Task objective
Here is the task for the records below: repeat exactly the lines from the one with "V n$2$2) = V" to the one with "n))\<^sup>2 = lower_weight", both included, and nothing else.

** Exercise input follows **

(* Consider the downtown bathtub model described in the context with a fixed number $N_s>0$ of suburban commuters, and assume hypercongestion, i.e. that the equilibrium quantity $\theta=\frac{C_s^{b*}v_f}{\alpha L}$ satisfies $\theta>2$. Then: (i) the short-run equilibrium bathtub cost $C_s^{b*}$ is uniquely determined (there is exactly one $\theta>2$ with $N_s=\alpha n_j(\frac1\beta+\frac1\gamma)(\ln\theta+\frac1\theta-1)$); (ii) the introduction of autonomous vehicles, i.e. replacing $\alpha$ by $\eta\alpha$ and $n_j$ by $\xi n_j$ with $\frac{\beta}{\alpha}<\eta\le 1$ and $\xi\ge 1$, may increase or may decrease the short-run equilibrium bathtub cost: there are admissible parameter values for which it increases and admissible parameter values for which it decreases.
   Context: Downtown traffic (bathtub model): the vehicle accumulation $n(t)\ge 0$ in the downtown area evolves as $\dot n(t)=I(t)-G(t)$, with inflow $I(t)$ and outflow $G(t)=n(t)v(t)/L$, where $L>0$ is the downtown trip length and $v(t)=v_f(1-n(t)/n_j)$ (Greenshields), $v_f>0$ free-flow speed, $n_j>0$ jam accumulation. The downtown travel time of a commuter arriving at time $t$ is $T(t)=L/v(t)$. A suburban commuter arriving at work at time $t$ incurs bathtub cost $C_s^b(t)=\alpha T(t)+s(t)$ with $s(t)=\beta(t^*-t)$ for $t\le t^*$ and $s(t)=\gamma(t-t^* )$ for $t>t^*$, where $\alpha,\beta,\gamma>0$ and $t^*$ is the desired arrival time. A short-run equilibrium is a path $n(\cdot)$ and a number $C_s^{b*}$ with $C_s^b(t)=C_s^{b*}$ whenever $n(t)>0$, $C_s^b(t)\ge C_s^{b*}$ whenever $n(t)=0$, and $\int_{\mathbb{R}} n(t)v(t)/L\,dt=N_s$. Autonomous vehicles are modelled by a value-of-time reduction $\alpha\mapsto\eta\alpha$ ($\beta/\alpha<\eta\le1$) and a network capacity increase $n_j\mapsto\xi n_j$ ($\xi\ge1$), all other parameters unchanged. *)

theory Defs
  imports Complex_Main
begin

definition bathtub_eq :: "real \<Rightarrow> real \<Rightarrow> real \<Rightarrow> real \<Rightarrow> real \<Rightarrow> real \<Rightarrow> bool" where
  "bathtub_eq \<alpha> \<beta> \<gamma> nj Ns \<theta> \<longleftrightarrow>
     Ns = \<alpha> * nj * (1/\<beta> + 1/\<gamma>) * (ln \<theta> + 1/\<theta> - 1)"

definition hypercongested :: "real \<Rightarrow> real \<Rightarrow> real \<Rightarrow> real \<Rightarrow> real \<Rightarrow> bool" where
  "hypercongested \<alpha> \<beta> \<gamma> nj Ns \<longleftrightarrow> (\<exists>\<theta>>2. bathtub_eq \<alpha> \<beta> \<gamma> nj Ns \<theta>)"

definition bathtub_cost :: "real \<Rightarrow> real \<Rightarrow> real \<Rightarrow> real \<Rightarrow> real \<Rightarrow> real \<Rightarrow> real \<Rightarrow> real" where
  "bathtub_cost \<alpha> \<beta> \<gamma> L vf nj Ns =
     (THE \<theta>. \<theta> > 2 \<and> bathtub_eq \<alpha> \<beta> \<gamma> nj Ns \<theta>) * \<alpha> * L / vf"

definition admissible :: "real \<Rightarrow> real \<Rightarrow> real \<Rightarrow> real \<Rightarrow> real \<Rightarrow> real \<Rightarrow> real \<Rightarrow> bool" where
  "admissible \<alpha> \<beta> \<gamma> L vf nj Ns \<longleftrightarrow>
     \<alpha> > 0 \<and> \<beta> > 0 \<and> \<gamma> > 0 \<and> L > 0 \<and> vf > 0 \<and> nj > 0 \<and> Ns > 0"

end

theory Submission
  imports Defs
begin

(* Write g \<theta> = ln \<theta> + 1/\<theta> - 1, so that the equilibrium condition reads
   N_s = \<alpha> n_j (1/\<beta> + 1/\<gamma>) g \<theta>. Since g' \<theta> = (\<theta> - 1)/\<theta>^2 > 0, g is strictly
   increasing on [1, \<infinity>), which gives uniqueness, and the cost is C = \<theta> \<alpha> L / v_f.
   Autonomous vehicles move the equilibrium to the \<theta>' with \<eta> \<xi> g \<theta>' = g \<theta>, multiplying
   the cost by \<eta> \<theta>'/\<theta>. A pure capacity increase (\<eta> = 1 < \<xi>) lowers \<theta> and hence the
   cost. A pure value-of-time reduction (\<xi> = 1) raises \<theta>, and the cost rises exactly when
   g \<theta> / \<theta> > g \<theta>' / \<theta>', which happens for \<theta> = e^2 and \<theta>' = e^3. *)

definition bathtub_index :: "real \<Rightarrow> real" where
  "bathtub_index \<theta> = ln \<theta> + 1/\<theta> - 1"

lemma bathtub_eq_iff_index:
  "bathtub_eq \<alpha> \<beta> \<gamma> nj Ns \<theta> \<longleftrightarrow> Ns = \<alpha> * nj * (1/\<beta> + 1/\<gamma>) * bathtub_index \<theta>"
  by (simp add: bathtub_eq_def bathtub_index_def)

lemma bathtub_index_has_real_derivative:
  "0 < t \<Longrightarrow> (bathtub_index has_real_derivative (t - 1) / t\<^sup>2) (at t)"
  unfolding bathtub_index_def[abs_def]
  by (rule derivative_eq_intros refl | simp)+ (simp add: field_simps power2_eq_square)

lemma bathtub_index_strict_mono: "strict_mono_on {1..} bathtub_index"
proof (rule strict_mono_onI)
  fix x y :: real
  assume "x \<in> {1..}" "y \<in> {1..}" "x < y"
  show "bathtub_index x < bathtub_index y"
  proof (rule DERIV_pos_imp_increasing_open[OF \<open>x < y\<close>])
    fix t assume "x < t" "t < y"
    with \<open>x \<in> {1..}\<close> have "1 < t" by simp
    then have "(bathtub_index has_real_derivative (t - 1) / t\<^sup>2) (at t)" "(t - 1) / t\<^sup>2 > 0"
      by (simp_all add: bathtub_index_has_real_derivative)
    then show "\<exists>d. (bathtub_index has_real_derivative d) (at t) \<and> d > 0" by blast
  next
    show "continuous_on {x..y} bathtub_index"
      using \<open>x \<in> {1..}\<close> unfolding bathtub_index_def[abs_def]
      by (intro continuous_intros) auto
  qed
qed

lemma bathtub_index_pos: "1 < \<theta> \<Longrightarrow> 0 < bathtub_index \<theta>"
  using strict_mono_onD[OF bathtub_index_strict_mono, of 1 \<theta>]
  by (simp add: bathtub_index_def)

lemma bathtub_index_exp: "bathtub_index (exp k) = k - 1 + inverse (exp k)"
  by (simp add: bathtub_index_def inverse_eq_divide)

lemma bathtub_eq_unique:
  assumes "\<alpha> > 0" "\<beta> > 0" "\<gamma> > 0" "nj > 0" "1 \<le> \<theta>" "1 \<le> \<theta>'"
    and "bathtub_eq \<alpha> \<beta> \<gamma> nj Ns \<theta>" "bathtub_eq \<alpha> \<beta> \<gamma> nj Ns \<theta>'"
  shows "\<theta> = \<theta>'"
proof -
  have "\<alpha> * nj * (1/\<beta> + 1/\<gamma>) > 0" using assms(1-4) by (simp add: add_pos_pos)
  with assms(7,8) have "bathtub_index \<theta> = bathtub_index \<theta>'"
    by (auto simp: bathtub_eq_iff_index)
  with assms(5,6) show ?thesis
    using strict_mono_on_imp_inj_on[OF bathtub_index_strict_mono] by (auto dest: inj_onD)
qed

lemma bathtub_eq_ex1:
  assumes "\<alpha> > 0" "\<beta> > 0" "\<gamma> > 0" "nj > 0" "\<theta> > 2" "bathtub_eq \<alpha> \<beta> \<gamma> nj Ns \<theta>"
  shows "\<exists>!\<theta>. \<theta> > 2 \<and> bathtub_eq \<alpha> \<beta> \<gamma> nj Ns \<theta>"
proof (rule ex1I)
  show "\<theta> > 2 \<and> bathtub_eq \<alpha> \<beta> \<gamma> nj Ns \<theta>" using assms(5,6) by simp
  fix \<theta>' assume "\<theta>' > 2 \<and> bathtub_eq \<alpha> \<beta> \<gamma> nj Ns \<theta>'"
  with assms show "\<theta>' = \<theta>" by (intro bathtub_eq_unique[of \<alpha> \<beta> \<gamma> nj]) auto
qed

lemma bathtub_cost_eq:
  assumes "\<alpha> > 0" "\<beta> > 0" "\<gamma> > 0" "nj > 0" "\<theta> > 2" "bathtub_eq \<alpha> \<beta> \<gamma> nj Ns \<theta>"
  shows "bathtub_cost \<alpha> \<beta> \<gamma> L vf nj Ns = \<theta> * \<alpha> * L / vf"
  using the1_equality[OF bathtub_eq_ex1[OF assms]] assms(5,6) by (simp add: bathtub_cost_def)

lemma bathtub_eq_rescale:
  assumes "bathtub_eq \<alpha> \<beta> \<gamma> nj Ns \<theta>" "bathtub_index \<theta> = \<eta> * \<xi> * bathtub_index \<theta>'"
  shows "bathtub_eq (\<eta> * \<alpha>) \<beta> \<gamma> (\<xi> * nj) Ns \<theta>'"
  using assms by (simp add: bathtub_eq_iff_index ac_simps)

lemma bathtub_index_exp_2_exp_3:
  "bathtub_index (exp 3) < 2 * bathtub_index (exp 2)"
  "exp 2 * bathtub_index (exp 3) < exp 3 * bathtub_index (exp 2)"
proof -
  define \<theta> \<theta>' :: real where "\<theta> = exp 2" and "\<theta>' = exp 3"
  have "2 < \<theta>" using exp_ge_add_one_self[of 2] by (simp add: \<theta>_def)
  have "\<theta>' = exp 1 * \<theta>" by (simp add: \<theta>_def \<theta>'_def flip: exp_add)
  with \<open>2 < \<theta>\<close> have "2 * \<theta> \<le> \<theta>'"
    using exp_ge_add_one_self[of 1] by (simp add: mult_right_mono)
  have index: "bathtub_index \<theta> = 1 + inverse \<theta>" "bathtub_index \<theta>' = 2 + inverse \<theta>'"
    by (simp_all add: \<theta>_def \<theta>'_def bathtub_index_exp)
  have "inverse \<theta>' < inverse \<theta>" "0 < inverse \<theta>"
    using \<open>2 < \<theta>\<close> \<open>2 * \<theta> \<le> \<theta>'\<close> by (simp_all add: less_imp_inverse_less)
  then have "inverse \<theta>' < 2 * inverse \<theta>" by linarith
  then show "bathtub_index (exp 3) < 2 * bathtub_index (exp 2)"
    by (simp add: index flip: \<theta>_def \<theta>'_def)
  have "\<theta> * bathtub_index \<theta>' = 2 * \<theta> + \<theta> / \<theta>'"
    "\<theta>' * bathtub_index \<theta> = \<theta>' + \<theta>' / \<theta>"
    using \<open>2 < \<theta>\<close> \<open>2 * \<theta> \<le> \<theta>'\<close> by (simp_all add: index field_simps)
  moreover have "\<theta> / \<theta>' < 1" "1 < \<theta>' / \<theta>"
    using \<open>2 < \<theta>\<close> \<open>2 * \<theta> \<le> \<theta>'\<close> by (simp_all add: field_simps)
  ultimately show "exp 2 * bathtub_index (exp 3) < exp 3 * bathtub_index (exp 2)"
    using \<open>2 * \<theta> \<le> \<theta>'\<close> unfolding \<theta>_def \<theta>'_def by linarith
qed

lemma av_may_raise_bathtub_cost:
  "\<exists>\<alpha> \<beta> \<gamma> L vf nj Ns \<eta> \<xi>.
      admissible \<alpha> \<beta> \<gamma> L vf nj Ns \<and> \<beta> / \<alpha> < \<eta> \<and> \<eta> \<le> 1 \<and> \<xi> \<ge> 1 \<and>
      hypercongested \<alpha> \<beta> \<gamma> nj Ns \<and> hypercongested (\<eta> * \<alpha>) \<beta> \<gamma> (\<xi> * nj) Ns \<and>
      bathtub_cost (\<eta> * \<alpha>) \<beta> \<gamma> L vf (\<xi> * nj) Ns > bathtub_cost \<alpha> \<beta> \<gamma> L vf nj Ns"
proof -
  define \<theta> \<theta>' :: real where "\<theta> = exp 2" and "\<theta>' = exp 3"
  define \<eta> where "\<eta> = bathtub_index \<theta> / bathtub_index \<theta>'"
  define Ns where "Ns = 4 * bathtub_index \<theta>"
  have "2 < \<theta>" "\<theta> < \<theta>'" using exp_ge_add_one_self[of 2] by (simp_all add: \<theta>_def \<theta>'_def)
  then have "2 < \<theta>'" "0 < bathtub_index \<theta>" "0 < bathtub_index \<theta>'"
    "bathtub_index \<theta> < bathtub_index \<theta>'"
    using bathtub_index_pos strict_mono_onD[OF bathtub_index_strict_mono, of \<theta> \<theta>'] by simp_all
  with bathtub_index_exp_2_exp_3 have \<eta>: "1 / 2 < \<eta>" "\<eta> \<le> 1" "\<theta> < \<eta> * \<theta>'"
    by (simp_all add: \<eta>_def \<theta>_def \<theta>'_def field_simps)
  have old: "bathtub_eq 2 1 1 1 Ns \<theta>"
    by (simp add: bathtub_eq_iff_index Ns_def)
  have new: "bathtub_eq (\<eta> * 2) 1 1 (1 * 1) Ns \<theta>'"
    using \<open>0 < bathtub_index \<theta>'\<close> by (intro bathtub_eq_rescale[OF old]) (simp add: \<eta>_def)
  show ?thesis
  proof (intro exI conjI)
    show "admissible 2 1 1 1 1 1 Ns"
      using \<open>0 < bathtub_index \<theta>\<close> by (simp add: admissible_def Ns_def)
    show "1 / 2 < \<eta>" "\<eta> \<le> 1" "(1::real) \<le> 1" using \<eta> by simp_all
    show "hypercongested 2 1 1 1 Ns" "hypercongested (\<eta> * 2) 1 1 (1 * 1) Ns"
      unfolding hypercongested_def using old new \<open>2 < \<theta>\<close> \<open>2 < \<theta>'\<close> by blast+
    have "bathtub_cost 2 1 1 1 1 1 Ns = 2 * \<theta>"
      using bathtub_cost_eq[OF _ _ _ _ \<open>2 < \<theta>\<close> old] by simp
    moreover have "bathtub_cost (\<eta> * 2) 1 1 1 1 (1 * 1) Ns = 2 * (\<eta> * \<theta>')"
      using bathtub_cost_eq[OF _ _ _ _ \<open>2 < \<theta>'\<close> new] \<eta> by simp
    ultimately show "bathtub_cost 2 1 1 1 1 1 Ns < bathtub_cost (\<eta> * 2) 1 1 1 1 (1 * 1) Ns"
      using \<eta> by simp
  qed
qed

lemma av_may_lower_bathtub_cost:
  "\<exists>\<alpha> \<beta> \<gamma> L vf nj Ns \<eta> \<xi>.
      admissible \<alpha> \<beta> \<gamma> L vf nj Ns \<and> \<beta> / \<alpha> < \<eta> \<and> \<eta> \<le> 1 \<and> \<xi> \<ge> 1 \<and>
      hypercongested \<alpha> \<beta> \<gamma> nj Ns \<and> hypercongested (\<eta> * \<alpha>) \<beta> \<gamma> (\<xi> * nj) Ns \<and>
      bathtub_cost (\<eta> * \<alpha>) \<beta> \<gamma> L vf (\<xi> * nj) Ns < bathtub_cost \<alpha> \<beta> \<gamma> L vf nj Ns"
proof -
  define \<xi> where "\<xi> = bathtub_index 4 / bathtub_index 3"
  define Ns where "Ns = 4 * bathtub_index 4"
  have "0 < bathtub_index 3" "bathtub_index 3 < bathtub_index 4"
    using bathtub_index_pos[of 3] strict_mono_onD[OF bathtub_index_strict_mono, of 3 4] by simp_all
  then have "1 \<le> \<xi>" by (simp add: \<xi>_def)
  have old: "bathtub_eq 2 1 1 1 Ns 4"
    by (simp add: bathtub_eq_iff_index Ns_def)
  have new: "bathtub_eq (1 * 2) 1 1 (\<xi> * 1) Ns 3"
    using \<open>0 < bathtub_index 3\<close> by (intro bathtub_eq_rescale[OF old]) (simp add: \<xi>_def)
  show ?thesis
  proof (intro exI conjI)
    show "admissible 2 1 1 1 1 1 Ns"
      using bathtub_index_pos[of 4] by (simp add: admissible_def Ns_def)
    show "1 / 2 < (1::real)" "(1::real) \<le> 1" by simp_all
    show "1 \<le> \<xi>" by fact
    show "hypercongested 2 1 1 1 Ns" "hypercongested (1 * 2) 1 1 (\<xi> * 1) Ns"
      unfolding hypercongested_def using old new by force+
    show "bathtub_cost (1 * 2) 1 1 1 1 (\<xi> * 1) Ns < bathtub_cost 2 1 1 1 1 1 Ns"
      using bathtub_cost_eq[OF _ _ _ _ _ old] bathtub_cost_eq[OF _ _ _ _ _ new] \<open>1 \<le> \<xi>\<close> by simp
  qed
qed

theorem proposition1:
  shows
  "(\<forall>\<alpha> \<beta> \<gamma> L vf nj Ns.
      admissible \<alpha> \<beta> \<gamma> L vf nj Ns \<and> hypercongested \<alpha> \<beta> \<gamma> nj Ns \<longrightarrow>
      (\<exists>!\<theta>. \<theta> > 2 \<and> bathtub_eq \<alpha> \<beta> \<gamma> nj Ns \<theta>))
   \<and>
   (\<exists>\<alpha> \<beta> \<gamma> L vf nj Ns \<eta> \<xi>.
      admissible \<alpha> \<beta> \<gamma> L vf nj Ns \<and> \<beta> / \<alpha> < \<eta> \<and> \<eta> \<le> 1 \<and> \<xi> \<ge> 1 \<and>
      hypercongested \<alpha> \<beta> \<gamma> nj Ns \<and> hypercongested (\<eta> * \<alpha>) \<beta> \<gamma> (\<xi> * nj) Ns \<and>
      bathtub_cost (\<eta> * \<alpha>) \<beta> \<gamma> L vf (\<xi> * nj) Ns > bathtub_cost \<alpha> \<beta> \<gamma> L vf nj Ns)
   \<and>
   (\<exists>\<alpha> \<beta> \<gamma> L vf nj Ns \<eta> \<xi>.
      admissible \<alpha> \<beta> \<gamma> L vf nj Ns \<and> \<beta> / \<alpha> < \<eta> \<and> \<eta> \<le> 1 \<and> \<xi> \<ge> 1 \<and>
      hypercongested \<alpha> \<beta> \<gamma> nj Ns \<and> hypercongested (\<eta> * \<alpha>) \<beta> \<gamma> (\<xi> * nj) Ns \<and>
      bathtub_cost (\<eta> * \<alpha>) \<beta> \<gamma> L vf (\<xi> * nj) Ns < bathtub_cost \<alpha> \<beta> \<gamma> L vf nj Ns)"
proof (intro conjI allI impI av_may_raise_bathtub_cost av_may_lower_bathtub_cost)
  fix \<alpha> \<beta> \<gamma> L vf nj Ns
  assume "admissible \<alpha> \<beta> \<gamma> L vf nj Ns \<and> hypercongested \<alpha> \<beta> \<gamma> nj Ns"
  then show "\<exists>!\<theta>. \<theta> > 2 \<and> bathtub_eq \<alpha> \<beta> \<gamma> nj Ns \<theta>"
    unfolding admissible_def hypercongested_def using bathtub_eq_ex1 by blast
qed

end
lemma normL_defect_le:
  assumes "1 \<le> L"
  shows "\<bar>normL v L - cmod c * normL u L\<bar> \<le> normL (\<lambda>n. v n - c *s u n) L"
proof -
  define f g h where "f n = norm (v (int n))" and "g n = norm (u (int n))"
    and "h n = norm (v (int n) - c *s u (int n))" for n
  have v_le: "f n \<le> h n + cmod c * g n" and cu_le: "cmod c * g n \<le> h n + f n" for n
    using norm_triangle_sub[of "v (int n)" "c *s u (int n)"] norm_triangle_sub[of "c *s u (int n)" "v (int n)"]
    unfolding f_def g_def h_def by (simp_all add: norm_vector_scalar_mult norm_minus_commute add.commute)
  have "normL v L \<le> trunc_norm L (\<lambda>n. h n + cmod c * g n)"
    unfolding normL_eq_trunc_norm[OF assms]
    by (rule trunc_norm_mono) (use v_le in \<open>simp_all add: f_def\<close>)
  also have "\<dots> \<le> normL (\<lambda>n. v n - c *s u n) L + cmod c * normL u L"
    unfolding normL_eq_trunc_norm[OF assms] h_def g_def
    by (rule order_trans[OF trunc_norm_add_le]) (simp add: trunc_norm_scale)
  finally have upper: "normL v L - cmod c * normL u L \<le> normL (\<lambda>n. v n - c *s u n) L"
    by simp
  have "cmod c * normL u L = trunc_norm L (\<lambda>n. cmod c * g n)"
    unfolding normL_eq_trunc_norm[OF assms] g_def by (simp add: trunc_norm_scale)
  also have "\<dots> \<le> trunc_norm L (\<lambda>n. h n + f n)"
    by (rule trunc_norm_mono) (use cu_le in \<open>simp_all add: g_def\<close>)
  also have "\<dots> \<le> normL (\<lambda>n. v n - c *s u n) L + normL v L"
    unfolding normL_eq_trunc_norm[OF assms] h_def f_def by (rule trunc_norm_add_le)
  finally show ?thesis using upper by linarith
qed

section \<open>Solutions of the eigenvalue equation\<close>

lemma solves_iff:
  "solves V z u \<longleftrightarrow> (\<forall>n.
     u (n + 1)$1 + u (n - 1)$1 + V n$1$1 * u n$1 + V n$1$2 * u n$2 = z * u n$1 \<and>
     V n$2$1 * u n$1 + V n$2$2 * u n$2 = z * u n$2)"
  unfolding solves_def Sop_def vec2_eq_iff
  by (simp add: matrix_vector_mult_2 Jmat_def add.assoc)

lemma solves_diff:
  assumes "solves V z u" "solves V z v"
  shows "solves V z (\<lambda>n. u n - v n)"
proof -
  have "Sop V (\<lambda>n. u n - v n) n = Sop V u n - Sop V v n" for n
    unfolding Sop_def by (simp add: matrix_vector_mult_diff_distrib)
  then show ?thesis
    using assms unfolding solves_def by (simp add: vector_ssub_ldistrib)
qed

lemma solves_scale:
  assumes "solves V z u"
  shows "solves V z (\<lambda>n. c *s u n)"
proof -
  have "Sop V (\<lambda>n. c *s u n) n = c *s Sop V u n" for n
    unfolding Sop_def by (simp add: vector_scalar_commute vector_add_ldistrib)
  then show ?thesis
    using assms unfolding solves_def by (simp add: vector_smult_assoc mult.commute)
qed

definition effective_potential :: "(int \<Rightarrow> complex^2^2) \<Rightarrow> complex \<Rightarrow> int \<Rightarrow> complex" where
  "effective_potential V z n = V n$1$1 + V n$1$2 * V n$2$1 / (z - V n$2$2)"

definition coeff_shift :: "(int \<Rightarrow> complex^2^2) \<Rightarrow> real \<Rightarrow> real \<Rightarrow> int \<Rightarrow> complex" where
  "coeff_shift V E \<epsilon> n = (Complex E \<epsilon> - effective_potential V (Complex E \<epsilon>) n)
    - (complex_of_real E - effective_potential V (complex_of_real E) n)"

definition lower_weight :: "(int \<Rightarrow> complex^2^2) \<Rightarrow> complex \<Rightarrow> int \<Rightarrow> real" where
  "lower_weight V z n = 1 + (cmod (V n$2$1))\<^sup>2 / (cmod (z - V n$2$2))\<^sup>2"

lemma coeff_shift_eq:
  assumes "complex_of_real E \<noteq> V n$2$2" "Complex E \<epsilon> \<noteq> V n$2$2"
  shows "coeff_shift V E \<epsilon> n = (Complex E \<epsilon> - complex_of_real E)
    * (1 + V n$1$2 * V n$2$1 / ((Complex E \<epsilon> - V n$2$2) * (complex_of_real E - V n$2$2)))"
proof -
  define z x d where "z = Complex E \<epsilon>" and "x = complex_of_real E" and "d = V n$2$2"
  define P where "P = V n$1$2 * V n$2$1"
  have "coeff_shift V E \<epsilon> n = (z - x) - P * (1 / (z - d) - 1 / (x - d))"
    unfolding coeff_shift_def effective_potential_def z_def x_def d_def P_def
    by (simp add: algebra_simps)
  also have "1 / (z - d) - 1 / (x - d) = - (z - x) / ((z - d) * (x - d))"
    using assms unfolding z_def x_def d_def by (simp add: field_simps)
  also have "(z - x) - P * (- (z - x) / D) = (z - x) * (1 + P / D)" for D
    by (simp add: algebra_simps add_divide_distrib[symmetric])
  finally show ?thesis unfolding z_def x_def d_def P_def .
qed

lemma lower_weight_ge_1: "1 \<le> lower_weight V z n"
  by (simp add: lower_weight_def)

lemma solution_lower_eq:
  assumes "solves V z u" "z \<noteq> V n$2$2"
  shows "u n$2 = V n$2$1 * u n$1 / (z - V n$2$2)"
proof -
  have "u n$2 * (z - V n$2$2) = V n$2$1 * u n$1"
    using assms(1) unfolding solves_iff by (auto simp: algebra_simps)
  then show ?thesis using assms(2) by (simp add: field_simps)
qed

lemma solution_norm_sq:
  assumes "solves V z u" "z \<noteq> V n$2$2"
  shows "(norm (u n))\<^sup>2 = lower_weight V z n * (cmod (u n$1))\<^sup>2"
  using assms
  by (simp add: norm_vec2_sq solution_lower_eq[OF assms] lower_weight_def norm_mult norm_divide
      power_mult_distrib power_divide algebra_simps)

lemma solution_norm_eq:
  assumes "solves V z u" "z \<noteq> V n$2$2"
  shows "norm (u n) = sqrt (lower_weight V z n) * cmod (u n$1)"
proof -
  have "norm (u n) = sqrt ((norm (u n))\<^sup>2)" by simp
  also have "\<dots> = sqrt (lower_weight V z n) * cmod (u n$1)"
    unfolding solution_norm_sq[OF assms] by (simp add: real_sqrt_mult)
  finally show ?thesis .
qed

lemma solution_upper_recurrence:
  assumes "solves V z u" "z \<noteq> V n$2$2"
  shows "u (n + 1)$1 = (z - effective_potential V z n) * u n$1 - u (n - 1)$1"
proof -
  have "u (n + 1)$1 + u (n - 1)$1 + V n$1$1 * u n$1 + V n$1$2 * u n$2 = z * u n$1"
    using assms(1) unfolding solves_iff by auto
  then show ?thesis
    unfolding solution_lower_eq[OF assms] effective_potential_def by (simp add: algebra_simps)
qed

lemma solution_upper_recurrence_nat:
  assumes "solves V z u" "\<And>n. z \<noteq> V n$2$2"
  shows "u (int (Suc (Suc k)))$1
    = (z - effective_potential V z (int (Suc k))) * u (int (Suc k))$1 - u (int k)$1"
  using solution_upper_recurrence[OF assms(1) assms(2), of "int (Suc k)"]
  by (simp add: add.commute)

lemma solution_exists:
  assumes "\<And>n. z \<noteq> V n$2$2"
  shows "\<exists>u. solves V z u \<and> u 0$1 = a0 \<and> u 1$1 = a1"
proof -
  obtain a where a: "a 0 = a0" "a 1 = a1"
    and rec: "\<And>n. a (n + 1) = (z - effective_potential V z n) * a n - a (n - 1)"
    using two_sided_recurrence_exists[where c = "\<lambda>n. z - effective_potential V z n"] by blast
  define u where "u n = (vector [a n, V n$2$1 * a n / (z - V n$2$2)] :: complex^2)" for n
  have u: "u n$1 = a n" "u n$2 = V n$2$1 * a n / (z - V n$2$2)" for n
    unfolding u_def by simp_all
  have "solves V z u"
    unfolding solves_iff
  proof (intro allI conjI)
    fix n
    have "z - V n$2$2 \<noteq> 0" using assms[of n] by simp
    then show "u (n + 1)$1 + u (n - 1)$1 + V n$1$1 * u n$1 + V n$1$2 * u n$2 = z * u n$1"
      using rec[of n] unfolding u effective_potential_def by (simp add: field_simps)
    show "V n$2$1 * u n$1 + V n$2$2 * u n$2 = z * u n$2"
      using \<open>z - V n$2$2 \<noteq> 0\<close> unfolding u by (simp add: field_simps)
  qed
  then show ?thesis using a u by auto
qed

** End of Exercise input **

Worked solution
  have "u n$2 * (z - V n$2$2) = V n$2$1 * u n$1"
    using assms(1) unfolding solves_iff by (auto simp: algebra_simps)
  then show ?thesis using assms(2) by (simp add: field_simps)
qed

lemma solution_norm_sq:
  assumes "solves V z u" "z \<noteq> V n$2$2"
  shows "(norm (u n))\<^sup>2 = lower_weight V z n * (cmod (u n$1))\<^sup>2"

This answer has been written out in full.